Transição energética

Estudo aponta que 98% das alegações ambientais no setor da carne e lacticínios são greenwashing

Estudo aponta que 98% das alegações ambientais no setor da carne e lacticínios são greenwashing iStock

Um estudo da Universidade de Miami conclui que até 98% das alegações ambientais feitas por empresas globais de carne e lacticínios podem ser classificadas como greenwashing.

Publicado na revista científica PLOS Climate, o estudo analisou 1.233 alegações ambientais divulgadas por 33 das maiores empresas do setor entre 2021 e 2024. Mais de dois terços (68%) destas declarações estavam relacionadas com questões climáticas, incluindo medidas de redução de emissões, enquanto 38% referiam objetivos futuros, como a neutralidade carbónica até 2030.

Segundo os autores, a maioria das alegações foi considerada não verificável, por se basear em intenções futuras sem evidência mensurável. Apenas 29% das declarações incluíam algum tipo de evidência fornecida pelas próprias empresas, sendo que apenas três foram suportadas por evidência científica independente.

“As empresas de carne e lacticínios falam muito sobre alterações climáticas, o que faz sentido porque os alimentos de origem animal geram mais emissões e outros impactos ambientais do que outros tipos de alimentos”, afirmou Jennifer Jacquet, coautora do estudo.

E continua: “mas quando grande parte do que dizem parece ser promessas vazias, sem suporte em evidência ou investimento, começa a assemelhar-se mais a um exercício de relações públicas do que a uma preocupação real com o planeta”.

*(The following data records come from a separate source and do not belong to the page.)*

lemma L2_add:
  assumes f: "f \<in> L2 M" and g: "g \<in> L2 M"
  shows "(\<lambda>x. f x + g x) \<in> L2 M"
  unfolding L2_def
proof (intro CollectI conjI)
  have [measurable]: "f \<in> borel_measurable M" "g \<in> borel_measurable M"
    using f g by (simp_all add: L2_measurable)
  show "(\<lambda>x. f x + g x) \<in> borel_measurable M" by measurable
  show "integrable M (\<lambda>x. (cmod (f x + g x))\<^sup>2)"
  proof (rule Bochner_Integration.integrable_bound)
    show "integrable M (\<lambda>x. (cmod (f x))\<^sup>2 + 2 * (cmod (f x) * cmod (g x)) + (cmod (g x))\<^sup>2)"
      using f g L2_integrable_norm_mult[OF f g] by (simp add: L2_integrable_square)
    show "(\<lambda>x. (cmod (f x + g x))\<^sup>2) \<in> borel_measurable M" by measurable
    show "AE x in M. norm ((cmod (f x + g x))\<^sup>2)
        \<le> norm ((cmod (f x))\<^sup>2 + 2 * (cmod (f x) * cmod (g x)) + (cmod (g x))\<^sup>2)"
      using norm_square_add_le by (intro AE_I2) (simp add: abs_of_nonneg)
  qed
qed

lemma L2_uminus: "f \<in> L2 M \<Longrightarrow> (\<lambda>x. - f x) \<in> L2 M"
  unfolding L2_def by simp

lemma L2_diff: "f \<in> L2 M \<Longrightarrow> g \<in> L2 M \<Longrightarrow> (\<lambda>x. f x - g x) \<in> L2 M"
  using L2_add[of f M "\<lambda>x. - g x"] L2_uminus[of g M] by simp

lemma L2_Cauchy_Schwarz:
  assumes f: "f \<in> L2 M" and g: "g \<in> L2 M"
  shows "(\<integral>x. cmod (f x) * cmod (g x) \<partial>M) \<le> l2_norm M f * l2_norm M g"
proof -
  have [measurable]: "f \<in> borel_measurable M" "g \<in> borel_measurable M"
    using f g by (simp_all add: L2_measurable)
  have nn: "(\<integral>\<^sup>+x. ennreal (cmod (h x)) ^ 2 \<partial>M) = ennreal (\<integral>x. (cmod (h x))\<^sup>2 \<partial>M)"
    if "h \<in> L2 M" for h
    using nn_integral_eq_integral[OF L2_integrable_square[OF that]]
    by (simp add: ennreal_power)
  have "ennreal ((\<integral>x. cmod (f x) * cmod (g x) \<partial>M)\<^sup>2)
      = (\<integral>\<^sup>+x. ennreal (cmod (f x)) * ennreal (cmod (g x)) \<partial>M)\<^sup>2"
    using nn_integral_eq_integral[OF L2_integrable_norm_mult[OF f g]]
    by (simp add: ennreal_mult ennreal_power)
  also have "\<dots> \<le> (\<integral>\<^sup>+x. ennreal (cmod (f x)) ^ 2 \<partial>M) * (\<integral>\<^sup>+x. ennreal (cmod (g x)) ^ 2 \<partial>M)"
    by (rule Cauchy_Schwarz_nn_integral) simp_all
  also have "\<dots> = ennreal ((l2_norm M f)\<^sup>2 * (l2_norm M g)\<^sup>2)"
    by (simp add: nn f g l2_norm_square ennreal_mult)
  finally have "(\<integral>x. cmod (f x) * cmod (g x) \<partial>M)\<^sup>2 \<le> (l2_norm M f * l2_norm M g)\<^sup>2"
    by (simp add: power_mult_distrib)
  then show ?thesis
    by (rule power2_le_imp_le) (simp add: l2_norm_nonneg)
qed

lemma l2_norm_add_le:
  assumes f: "f \<in> L2 M" and g: "g \<in> L2 M"
  shows "l2_norm M (\<lambda>x. f x + g x) \<le> l2_norm M f + l2_norm M g"
proof -
  have fg: "integrable M (\<lambda>x. cmod (f x) * cmod (g x))"
    using f g by (rule L2_integrable_norm_mult)
  have "(l2_norm M (\<lambda>x. f x + g x))\<^sup>2 = (\<integral>x. (cmod (f x + g x))\<^sup>2 \<partial>M)"
    by (rule l2_norm_square)
  also have "\<dots> \<le> (\<integral>x. (cmod (f x))\<^sup>2 + 2 * (cmod (f x) * cmod (g x)) + (cmod (g x))\<^sup>2 \<partial>M)"
    using f g fg L2_add[OF f g] by (intro integral_mono norm_square_add_le) (simp_all add: L2_integrable_square)
  also have "\<dots> = (l2_norm M f)\<^sup>2 + 2 * (\<integral>x. cmod (f x) * cmod (g x) \<partial>M) + (l2_norm M g)\<^sup>2"
    using f g fg by (simp add: L2_integrable_square l2_norm_square)
  also have "\<dots> \<le> (l2_norm M f + l2_norm M g)\<^sup>2"
    using L2_Cauchy_Schwarz[OF f g] by (simp add: power2_sum)
  finally show ?thesis
    by (rule power2_le_imp_le) (simp add: l2_norm_nonneg)
qed

lemma l2_norm_diff_triangle:
  assumes "f \<in> L2 M" "g \<in> L2 M" "h \<in> L2 M"
  shows "l2_norm M (\<lambda>x. f x - h x) \<le> l2_norm M (\<lambda>x. f x - g x) + l2_norm M (\<lambda>x. g x - h x)"
  using l2_norm_add_le[OF L2_diff[OF assms(1,2)] L2_diff[OF assms(2,3)]] by simp

lemma borel_measurable_cnj [measurable (raw)]:
  "f \<in> borel_measurable M \<Longrightarrow> (\<lambda>x. cnj (f x)) \<in> borel_measurable M"
  by (erule measurable_compose) (intro borel_measurable_continuous_onI continuous_intros)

O estudo indica ainda que 17 das 33 empresas analisadas tinham compromissos de neutralidade carbónica no momento da análise, face a quatro em 2020. No entanto, os investigadores referem que estes compromissos assentam maioritariamente em mecanismos de compensação de carbono, e não em reduções diretas de emissões.

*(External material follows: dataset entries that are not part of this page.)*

(* Let $p$ be an odd prime, $t,s$ positive integers, $r=p^t$, $q=r^s$, $T=q+1$, and let $\chi(x)=\zeta_p^{\mathrm{Tr}_{q^2/p}(x)}$ ($\zeta_p=e^{2\pi i/p}$) be the canonical additive character of $\mathbb{F}_{q^2}$. For $a\in\mathbb{F}_{q^2}^*$ let $$P=\sum_{x\in\mathbb{F}_{q^2},\ \mathrm{Tr}_{q/r}(x^T)=0}\chi(ax).$$ Then $P=-\frac{q}{r}(r-1)$ if $\mathrm{Tr}_{q/r}(a^T)=0$, and $P=\frac{q}{r}$ if $\mathrm{Tr}_{q/r}(a^T)\neq0$.
   Context: $\mathrm{Tr}_{q/r}$ is the trace from $\mathbb{F}_q$ to $\mathbb{F}_r$ and $\mathrm{Tr}_{q^2/p}$ the absolute trace of $\mathbb{F}_{q^2}$; note $x^{q+1}\in\mathbb{F}_q$ for $x\in\mathbb{F}_{q^2}$. *)

theory Defs
  imports Complex_Main "HOL-Computational_Algebra.Primes"
begin

definition rel_trace :: "nat \<Rightarrow> nat \<Rightarrow> 'a::field \<Rightarrow> 'a" where
  "rel_trace r s y = (\<Sum>i<s. y ^ (r ^ i))"

definition abs_trace :: "nat \<Rightarrow> nat \<Rightarrow> 'a::field \<Rightarrow> 'a" where
  "abs_trace p n x = (\<Sum>i<n. x ^ (p ^ i))"

text \<open>Canonical additive character of F_{p^n}: zeta_p to the power of the absolute trace,
  the trace (an element of the prime field) being identified with its representative k < p.\<close>
definition add_char :: "nat \<Rightarrow> nat \<Rightarrow> 'a::field \<Rightarrow> complex" where
  "add_char p n x = exp (2 * pi * \<i> * of_nat (THE k. k < p \<and> of_nat k = abs_trace p n x) / of_nat p)"

end

theory Submission
  imports Defs "HOL-Computational_Algebra.Polynomial" "HOL-Number_Theory.Cong"
    "HOL-Analysis.Complex_Transcendental"
begin

text \<open>
  For u in F_q the character sum over c in F_r of chi(c u) equals r if Tr_{q/r}(u) = 0 and 0 otherwise,
  since chi(c u) only depends on Tr_{r/p}(c Tr_{q^2/r}(u)) and Tr_{q^2/r}(u) = 2 Tr_{q/r}(u).
  Applying this to u = x^(q+1) and exchanging sums gives r P as a sum over c in F_r of the sums
  S(c) of chi(c x^(q+1) + a x) over F_{q^2}. The term c = 0 vanishes because a is nonzero. For
  c nonzero, completing the square turns S(c) into chi(-a^(q+1)/(4c)) times the sum of
  chi(c y^(q+1)), and the latter is -q because the norm y^(q+1) maps F_{q^2} onto F_q with fibres
  of size q+1 over nonzero points. Finally c \<mapsto> -1/(4c) permutes the nonzero elements of F_r, so
  the indicator sum appears once more, now evaluated at a^(q+1).
\<close>

section \<open>Finite fields\<close>

lemma finite_field_power_card:
  fixes x :: "'a::{field,finite}"
  shows "x ^ CARD('a) = x"
proof (cases "x = 0")
  case False
  define U where "U = UNIV - {0 :: 'a}"
  have "bij_betw ((*) x) U U"
    using False by (intro bij_betwI[of _ _ _ "\<lambda>y. y / x"]) (auto simp: U_def)
  hence "x ^ card U * (\<Prod>y\<in>U. y) = (\<Prod>y\<in>U. y)"
    using prod.reindex_bij_betw[of "(*) x" U U "\<lambda>y. y"] by (simp add: prod.distrib)
  hence "x ^ card U = 1"
    by (simp add: U_def)
  moreover have "CARD('a) = Suc (card U)"
    using finite_UNIV_card_ge_0[where 'a='a] by (simp add: U_def card_Diff_singleton)
  ultimately show ?thesis
    by simp
qed (simp add: finite_UNIV_card_ge_0)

Ao aplicar um modelo de análise de greenwashing, os investigadores classificaram 1.213 alegações, equivalentes a 98% do total, como práticas deste tipo.

“O greenwashing é generalizado nos relatórios de sustentabilidade das maiores empresas de carne e lacticínios do mundo, podendo criar uma ilusão de progresso climático”, afirmou Maya Bach, autora principal do estudo.

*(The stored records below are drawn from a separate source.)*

lemma has_mono_copy_of_list:
  assumes "distinct ys" and "set ys \<subseteq> {0..<N}" and "length ys \<le> n" and "n \<le> N"
    and "\<forall>e\<in>E. e \<subseteq> {0..<length ys} \<and> \<chi> ((!) ys ` e) = c"
  shows "has_mono_copy N \<chi> n E"
proof -
  obtain zs where xs: "distinct (ys @ zs)" "set zs \<subseteq> {0..<N}" "length (ys @ zs) = n"
    using extend_distinct_list[OF assms(1,2)] assms(3,4) by auto
  have "(!) (ys @ zs) ` e = (!) ys ` e" if "e \<subseteq> {0..<length ys}" for e
    using that by (force simp: nth_append)
  then have "\<forall>e\<in>E. \<chi> ((!) (ys @ zs) ` e) = c"
    using assms(5) by simp
  moreover have "inj_on ((!) (ys @ zs)) {0..<n}"
    using xs by (intro inj_on_nth) auto
  moreover have "set (ys @ zs) \<subseteq> {0..<N}"
    using xs(2) assms(2) by simp
  then have "(!) (ys @ zs) ` {0..<n} \<subseteq> {0..<N}"
    using xs(3) nth_mem[of _ "ys @ zs"] by fastforce
  ultimately show ?thesis
    unfolding has_mono_copy_def by blast
qed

E continua: “estamos preocupados com o facto de estas alegações poderem induzir o público em erro, influenciar os consumidores e reduzir a pressão sobre os decisores políticos para a ação climática”.

Os autores alertam que este tipo de comunicação pode afetar a perceção dos consumidores e reduzir a pressão sobre decisores políticos para a implementação de medidas climáticas mais exigentes.